Eric Prado, MD1, Yasi Xiao, MDCM2, Ankita Tirath, MD1, Carl L. Kay, MD3, Mithun Sharma, MD4, Giada Sebastiani, MD5, Matthew Ciorba, MD1, Nicholas Davidson, MD1, Anish Patel, DO6, Talat Bessisow, MD, MSc5, Rupa Banerjee, DTM, MD, MRCP4, Scott McHenry, MD1, Parakkal Deepak, MBBS, MS1 1Washington University in St. Louis, St. Louis, MO; 2University of Toronto, Toronto, ON, Canada; 3Brooke Army Medical Center, JBSA Fort Sam Houston, TX; 4Asian Institute of Gastroenterology, Hyderabad, Telangana, India; 5McGill University Health Centre, Montreal, PQ, Canada; 6Brooke Army Medical Center, Fort Sam Houston, TX
Introduction: Crohn’s Disease (CD) patients are twice as likely compared to controls to develop nonalcoholic fatty liver disease (NAFLD) leading to increased risk of cardiometabolic complications. Given this, we developed the first clinical screening tool for NAFLD in CD, Clinical Predictor for NAFLD in CD (CPN-CD) which uses readily accessible laboratory and clinical parameters. We have demonstrated CPN-CD outperforms the Hepatic Steatosis Index in detecting NAFLD in CD in an internal cohort. Here we performed a multicenter analysis to externally validate CPN-CD against transient elastography (TE) and establish its diagnostic accuracy to detect NAFLD in patients with CD at two different controlled attenuation parameter (CAP) thresholds.
Methods: A total of 454 patients with CD across four prospective cohorts from tertiary IBD centers across United States, Canada and India were included in the study. Of these, 412 patients were screened with TE only to determine prevalence of hepatic steatosis while 42 were screened with additional gold standard magnetic resonance imaging derived proton density fat fraction (MRI-PDFF), where hepatic steatosis was defined as ≥ 5.5% fat density, then reflexed to TE. To evaluate discriminative ability of CPN-CD to screen for NAFLD, patients were split into two CAP categories on TE; CAP ≥ 248 dB/m or ≥ 300 dB/m.
Results: In the four cohorts, the prevalence of NAFLD ranged from 32% to 76%. Using logistic regression, the relationship of CPN-CD to CAP ≥ 248 dB/m and CAP ≥ 300 dB/m revealed C-statistic 0.80 (0.75 – 0.84) and 0.79 (0.73 – 0.85) respectively. However, at CAP ≥ 300 dB/m, CPN-CD had higher specificity (74%) and NPV (80%) compared to CAP ≥ 248 dB/m (Table 1). For the group who first underwent screening MRI-PDFF the yield of finding NAFLD was 2- to 6-fold higher compared to TE alone.

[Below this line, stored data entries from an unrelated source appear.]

(* Let $A=B[x;\alpha,\delta]_p$ be a Poisson polynomial algebra over a field $k$ of characteristic zero, with $\delta$ locally nilpotent and $\alpha\delta=\delta(\alpha+s)$ for some $s\in k^\times$, and let $\theta:B\to B[x^{\pm1}]$ be given by $\theta(b)=\sum_{n\ge0}\frac{1}{n!}\left(\frac{-1}{s}\right)^n\delta^n(b)x^{-n}$. Then $\theta$ extends uniquely to an isomorphism of Poisson Laurent polynomial algebras $\theta:B[y^{\pm1};\alpha]_p\to B[x^{\pm1};\alpha,\delta]_p$ such that $\theta(y)=x$.
   Context: If $B$ is a Poisson algebra, $\alpha$ a Poisson derivation of $B$ and $\delta$ a derivation of $B$ with $\delta(\{a,b\})=\{\delta(a),b\}+\{a,\delta(b)\}+\alpha(a)\delta(b)-\delta(a)\alpha(b)$ for $a,b\in B$, then $B[x;\alpha,\delta]_p$ is $B[x]$ with the unique Poisson bracket extending that of $B$ with $\{x,b\}=\alpha(b)x+\delta(b)$, and $B[x^{\pm1};\alpha,\delta]_p$ is the unique extension of this Poisson structure to $B[x^{\pm1}]$. $B[y^{\pm1};\alpha]_p$ denotes $B[y^{\pm1};\alpha,0]_p$, i.e. $\{y,b\}=\alpha(b)y$. *)

theory Defs
  imports "HOL-Computational_Algebra.Formal_Laurent_Series"
begin

text \<open>A Poisson algebra over the field k, where the k-algebra structure on the
commutative ring is given by the ring homomorphism iota from k.\<close>

definition k_algebra_hom :: "('k::field \<Rightarrow> 'b::comm_ring_1) \<Rightarrow> bool" where
  "k_algebra_hom \<iota> \<longleftrightarrow> \<iota> 1 = 1 \<and> (\<forall>c d. \<iota> (c + d) = \<iota> c + \<iota> d) \<and> (\<forall>c d. \<iota> (c * d) = \<iota> c * \<iota> d)"

definition subring_on :: "'b::comm_ring_1 set \<Rightarrow> bool" where
  "subring_on S \<longleftrightarrow> 0 \<in> S \<and> 1 \<in> S \<and> (\<forall>a\<in>S. \<forall>b\<in>S. a + b \<in> S \<and> a * b \<in> S \<and> - a \<in> S)"

definition poisson_on :: "'b::comm_ring_1 set \<Rightarrow> ('k::field \<Rightarrow> 'b) \<Rightarrow> ('b \<Rightarrow> 'b \<Rightarrow> 'b) \<Rightarrow> bool" where
  "poisson_on S \<iota> P \<longleftrightarrow>
     subring_on S \<and> (\<forall>c. \<iota> c \<in> S) \<and>
     (\<forall>a\<in>S. \<forall>b\<in>S. P a b \<in> S) \<and>
     (\<forall>a\<in>S. \<forall>a'\<in>S. \<forall>b\<in>S. P (a + a') b = P a b + P a' b) \<and>
     (\<forall>c. \<forall>a\<in>S. \<forall>b\<in>S. P (\<iota> c * a) b = \<iota> c * P a b) \<and>
     (\<forall>a\<in>S. \<forall>b\<in>S. P a b = - P b a) \<and>
     (\<forall>a\<in>S. \<forall>b\<in>S. \<forall>c\<in>S. P a (P b c) + P b (P c a) + P c (P a b) = 0) \<and>
     (\<forall>a\<in>S. \<forall>b\<in>S. \<forall>c\<in>S. P a (b * c) = P a b * c + b * P a c)"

Discussion: CPN-CD provides fair discrimination to detect NAFLD determined on TE at CAP ≥ 300 dB/m in an external validation study conducted in four multinational cohorts. Future directions include synchronous MRI-PDFF and TE to recalibrate the score to improve specificity and then test generalizability in ulcerative colitis.
CAP ≥ 248 dB/m
CAP ≥ 300 dB/m
Sensitivity
36%
29%
Specificity
17%
74%
PPV
21%
22%
NPV
30%
80%
Table: Table 1. Diagnostic accuracy of CPN-CD in detecting NAFLD in CD patients using transient elastography as reference standard.